Problem: The data below should be copied over with complete accuracy.

Stored records:
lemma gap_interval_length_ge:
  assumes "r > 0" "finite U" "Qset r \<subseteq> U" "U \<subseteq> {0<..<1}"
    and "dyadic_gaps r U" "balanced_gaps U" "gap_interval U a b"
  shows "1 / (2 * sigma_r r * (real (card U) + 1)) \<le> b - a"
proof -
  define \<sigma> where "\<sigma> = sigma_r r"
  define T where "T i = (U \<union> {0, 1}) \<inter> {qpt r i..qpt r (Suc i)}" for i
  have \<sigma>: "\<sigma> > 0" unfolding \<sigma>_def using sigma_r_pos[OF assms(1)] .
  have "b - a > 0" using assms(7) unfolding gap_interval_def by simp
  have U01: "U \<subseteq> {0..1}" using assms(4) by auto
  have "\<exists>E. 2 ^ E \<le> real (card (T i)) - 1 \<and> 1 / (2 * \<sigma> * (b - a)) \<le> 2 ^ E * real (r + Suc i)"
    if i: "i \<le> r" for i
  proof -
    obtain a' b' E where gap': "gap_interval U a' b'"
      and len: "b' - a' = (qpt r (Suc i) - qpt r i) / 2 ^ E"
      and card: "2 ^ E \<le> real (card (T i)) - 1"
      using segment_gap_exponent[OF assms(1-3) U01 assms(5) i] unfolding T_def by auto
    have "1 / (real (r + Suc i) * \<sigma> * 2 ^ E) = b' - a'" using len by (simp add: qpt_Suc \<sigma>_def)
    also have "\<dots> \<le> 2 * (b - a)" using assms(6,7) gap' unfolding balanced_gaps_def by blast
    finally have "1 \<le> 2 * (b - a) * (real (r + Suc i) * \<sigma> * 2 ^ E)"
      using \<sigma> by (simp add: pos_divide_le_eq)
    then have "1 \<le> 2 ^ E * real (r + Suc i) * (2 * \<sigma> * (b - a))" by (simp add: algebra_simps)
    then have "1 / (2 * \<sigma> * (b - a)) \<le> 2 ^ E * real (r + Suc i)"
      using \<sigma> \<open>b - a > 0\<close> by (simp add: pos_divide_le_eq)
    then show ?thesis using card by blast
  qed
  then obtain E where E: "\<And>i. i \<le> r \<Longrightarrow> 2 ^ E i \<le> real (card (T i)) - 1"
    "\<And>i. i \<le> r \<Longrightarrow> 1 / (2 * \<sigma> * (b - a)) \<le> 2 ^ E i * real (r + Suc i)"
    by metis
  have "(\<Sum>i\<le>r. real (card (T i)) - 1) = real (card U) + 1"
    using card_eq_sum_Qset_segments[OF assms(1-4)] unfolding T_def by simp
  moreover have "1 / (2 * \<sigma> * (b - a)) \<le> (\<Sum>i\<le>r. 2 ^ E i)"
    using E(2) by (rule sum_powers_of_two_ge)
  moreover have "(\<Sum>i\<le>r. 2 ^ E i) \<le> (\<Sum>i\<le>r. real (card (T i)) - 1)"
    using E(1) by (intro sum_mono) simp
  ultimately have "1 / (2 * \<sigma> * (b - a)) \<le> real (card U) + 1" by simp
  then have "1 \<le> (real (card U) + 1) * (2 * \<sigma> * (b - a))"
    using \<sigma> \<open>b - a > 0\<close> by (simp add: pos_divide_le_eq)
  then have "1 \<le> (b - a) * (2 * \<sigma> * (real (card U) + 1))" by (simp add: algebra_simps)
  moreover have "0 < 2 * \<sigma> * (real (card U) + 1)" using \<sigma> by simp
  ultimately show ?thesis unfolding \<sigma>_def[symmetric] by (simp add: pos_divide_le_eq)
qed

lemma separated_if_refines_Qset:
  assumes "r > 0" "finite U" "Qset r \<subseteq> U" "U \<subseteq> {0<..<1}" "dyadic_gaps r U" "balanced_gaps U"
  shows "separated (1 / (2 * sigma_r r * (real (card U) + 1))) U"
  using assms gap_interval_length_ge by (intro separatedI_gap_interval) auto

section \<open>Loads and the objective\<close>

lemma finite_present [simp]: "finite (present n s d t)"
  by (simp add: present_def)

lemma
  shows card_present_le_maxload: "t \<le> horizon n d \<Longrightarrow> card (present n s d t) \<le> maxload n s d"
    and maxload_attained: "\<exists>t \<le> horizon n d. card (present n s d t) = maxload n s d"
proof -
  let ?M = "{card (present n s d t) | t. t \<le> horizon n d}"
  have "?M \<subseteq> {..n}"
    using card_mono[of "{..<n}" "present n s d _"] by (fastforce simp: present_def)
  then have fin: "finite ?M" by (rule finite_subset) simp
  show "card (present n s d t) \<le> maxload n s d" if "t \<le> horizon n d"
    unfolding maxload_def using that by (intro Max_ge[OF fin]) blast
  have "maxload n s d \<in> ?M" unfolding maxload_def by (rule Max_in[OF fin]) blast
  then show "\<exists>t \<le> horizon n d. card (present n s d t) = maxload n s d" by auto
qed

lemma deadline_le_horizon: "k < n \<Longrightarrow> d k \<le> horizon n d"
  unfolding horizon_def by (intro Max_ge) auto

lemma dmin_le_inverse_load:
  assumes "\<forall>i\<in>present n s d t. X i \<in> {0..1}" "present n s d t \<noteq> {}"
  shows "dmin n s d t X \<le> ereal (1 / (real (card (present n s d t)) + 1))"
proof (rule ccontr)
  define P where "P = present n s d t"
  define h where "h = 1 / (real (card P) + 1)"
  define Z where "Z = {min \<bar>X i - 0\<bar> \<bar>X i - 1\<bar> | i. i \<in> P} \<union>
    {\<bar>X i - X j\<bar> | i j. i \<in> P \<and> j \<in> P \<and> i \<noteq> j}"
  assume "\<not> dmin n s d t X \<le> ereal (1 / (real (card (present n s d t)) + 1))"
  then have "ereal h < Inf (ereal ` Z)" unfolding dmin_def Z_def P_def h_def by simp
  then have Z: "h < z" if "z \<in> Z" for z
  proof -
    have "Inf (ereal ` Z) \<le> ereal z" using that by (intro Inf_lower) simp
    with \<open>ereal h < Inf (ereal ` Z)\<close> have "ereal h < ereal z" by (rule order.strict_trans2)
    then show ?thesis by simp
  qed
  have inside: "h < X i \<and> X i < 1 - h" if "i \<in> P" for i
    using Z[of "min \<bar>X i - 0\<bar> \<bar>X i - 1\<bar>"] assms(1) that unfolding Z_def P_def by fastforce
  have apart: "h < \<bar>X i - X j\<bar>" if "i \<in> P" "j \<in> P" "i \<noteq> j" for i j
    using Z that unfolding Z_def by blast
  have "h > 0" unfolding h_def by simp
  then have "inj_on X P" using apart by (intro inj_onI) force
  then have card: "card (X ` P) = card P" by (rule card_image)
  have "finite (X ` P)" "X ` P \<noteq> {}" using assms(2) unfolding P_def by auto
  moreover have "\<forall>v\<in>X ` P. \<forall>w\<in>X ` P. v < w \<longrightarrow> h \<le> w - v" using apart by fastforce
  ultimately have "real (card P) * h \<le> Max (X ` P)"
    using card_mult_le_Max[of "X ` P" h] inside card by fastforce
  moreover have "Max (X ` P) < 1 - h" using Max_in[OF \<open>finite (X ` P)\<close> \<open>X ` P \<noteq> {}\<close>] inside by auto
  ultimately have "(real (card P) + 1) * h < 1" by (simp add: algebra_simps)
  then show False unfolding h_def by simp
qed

Solution to the problem:
lemma gap_interval_length_ge:
  assumes "r > 0" "finite U" "Qset r \<subseteq> U" "U \<subseteq> {0<..<1}"
    and "dyadic_gaps r U" "balanced_gaps U" "gap_interval U a b"
  shows "1 / (2 * sigma_r r * (real (card U) + 1)) \<le> b - a"
proof -
  define \<sigma> where "\<sigma> = sigma_r r"
  define T where "T i = (U \<union> {0, 1}) \<inter> {qpt r i..qpt r (Suc i)}" for i
  have \<sigma>: "\<sigma> > 0" unfolding \<sigma>_def using sigma_r_pos[OF assms(1)] .
  have "b - a > 0" using assms(7) unfolding gap_interval_def by simp
  have U01: "U \<subseteq> {0..1}" using assms(4) by auto
  have "\<exists>E. 2 ^ E \<le> real (card (T i)) - 1 \<and> 1 / (2 * \<sigma> * (b - a)) \<le> 2 ^ E * real (r + Suc i)"
    if i: "i \<le> r" for i
  proof -
    obtain a' b' E where gap': "gap_interval U a' b'"
      and len: "b' - a' = (qpt r (Suc i) - qpt r i) / 2 ^ E"
      and card: "2 ^ E \<le> real (card (T i)) - 1"
      using segment_gap_exponent[OF assms(1-3) U01 assms(5) i] unfolding T_def by auto
    have "1 / (real (r + Suc i) * \<sigma> * 2 ^ E) = b' - a'" using len by (simp add: qpt_Suc \<sigma>_def)
    also have "\<dots> \<le> 2 * (b - a)" using assms(6,7) gap' unfolding balanced_gaps_def by blast
    finally have "1 \<le> 2 * (b - a) * (real (r + Suc i) * \<sigma> * 2 ^ E)"
      using \<sigma> by (simp add: pos_divide_le_eq)
    then have "1 \<le> 2 ^ E * real (r + Suc i) * (2 * \<sigma> * (b - a))" by (simp add: algebra_simps)
    then have "1 / (2 * \<sigma> * (b - a)) \<le> 2 ^ E * real (r + Suc i)"
      using \<sigma> \<open>b - a > 0\<close> by (simp add: pos_divide_le_eq)
    then show ?thesis using card by blast
  qed
  then obtain E where E: "\<And>i. i \<le> r \<Longrightarrow> 2 ^ E i \<le> real (card (T i)) - 1"
    "\<And>i. i \<le> r \<Longrightarrow> 1 / (2 * \<sigma> * (b - a)) \<le> 2 ^ E i * real (r + Suc i)"
    by metis
  have "(\<Sum>i\<le>r. real (card (T i)) - 1) = real (card U) + 1"
    using card_eq_sum_Qset_segments[OF assms(1-4)] unfolding T_def by simp
  moreover have "1 / (2 * \<sigma> * (b - a)) \<le> (\<Sum>i\<le>r. 2 ^ E i)"
    using E(2) by (rule sum_powers_of_two_ge)
  moreover have "(\<Sum>i\<le>r. 2 ^ E i) \<le> (\<Sum>i\<le>r. real (card (T i)) - 1)"
    using E(1) by (intro sum_mono) simp
  ultimately have "1 / (2 * \<sigma> * (b - a)) \<le> real (card U) + 1" by simp
  then have "1 \<le> (real (card U) + 1) * (2 * \<sigma> * (b - a))"
    using \<sigma> \<open>b - a > 0\<close> by (simp add: pos_divide_le_eq)
  then have "1 \<le> (b - a) * (2 * \<sigma> * (real (card U) + 1))" by (simp add: algebra_simps)
  moreover have "0 < 2 * \<sigma> * (real (card U) + 1)" using \<sigma> by simp
  ultimately show ?thesis unfolding \<sigma>_def[symmetric] by (simp add: pos_divide_le_eq)
qed

lemma separated_if_refines_Qset:
  assumes "r > 0" "finite U" "Qset r \<subseteq> U" "U \<subseteq> {0<..<1}" "dyadic_gaps r U" "balanced_gaps U"
  shows "separated (1 / (2 * sigma_r r * (real (card U) + 1))) U"
  using assms gap_interval_length_ge by (intro separatedI_gap_interval) auto

section \<open>Loads and the objective\<close>

lemma finite_present [simp]: "finite (present n s d t)"
  by (simp add: present_def)

lemma
  shows card_present_le_maxload: "t \<le> horizon n d \<Longrightarrow> card (present n s d t) \<le> maxload n s d"
    and maxload_attained: "\<exists>t \<le> horizon n d. card (present n s d t) = maxload n s d"
proof -
  let ?M = "{card (present n s d t) | t. t \<le> horizon n d}"
  have "?M \<subseteq> {..n}"
    using card_mono[of "{..<n}" "present n s d _"] by (fastforce simp: present_def)
  then have fin: "finite ?M" by (rule finite_subset) simp
  show "card (present n s d t) \<le> maxload n s d" if "t \<le> horizon n d"
    unfolding maxload_def using that by (intro Max_ge[OF fin]) blast
  have "maxload n s d \<in> ?M" unfolding maxload_def by (rule Max_in[OF fin]) blast
  then show "\<exists>t \<le> horizon n d. card (present n s d t) = maxload n s d" by auto
qed

lemma deadline_le_horizon: "k < n \<Longrightarrow> d k \<le> horizon n d"
  unfolding horizon_def by (intro Max_ge) auto

lemma dmin_le_inverse_load:
  assumes "\<forall>i\<in>present n s d t. X i \<in> {0..1}" "present n s d t \<noteq> {}"
  shows "dmin n s d t X \<le> ereal (1 / (real (card (present n s d t)) + 1))"
proof (rule ccontr)
  define P where "P = present n s d t"
  define h where "h = 1 / (real (card P) + 1)"
  define Z where "Z = {min \<bar>X i - 0\<bar> \<bar>X i - 1\<bar> | i. i \<in> P} \<union>
    {\<bar>X i - X j\<bar> | i j. i \<in> P \<and> j \<in> P \<and> i \<noteq> j}"
  assume "\<not> dmin n s d t X \<le> ereal (1 / (real (card (present n s d t)) + 1))"
  then have "ereal h < Inf (ereal ` Z)" unfolding dmin_def Z_def P_def h_def by simp
  then have Z: "h < z" if "z \<in> Z" for z
  proof -
    have "Inf (ereal ` Z) \<le> ereal z" using that by (intro Inf_lower) simp
    with \<open>ereal h < Inf (ereal ` Z)\<close> have "ereal h < ereal z" by (rule order.strict_trans2)
    then show ?thesis by simp
  qed
  have inside: "h < X i \<and> X i < 1 - h" if "i \<in> P" for i
    using Z[of "min \<bar>X i - 0\<bar> \<bar>X i - 1\<bar>"] assms(1) that unfolding Z_def P_def by fastforce
  have apart: "h < \<bar>X i - X j\<bar>" if "i \<in> P" "j \<in> P" "i \<noteq> j" for i j
    using Z that unfolding Z_def by blast
  have "h > 0" unfolding h_def by simp
  then have "inj_on X P" using apart by (intro inj_onI) force
  then have card: "card (X ` P) = card P" by (rule card_image)
  have "finite (X ` P)" "X ` P \<noteq> {}" using assms(2) unfolding P_def by auto
  moreover have "\<forall>v\<in>X ` P. \<forall>w\<in>X ` P. v < w \<longrightarrow> h \<le> w - v" using apart by fastforce
  ultimately have "real (card P) * h \<le> Max (X ` P)"
    using card_mult_le_Max[of "X ` P" h] inside card by fastforce
  moreover have "Max (X ` P) < 1 - h" using Max_in[OF \<open>finite (X ` P)\<close> \<open>X ` P \<noteq> {}\<close>] inside by auto
  ultimately have "(real (card P) + 1) * h < 1" by (simp add: algebra_simps)
  then show False unfolding h_def by simp
qed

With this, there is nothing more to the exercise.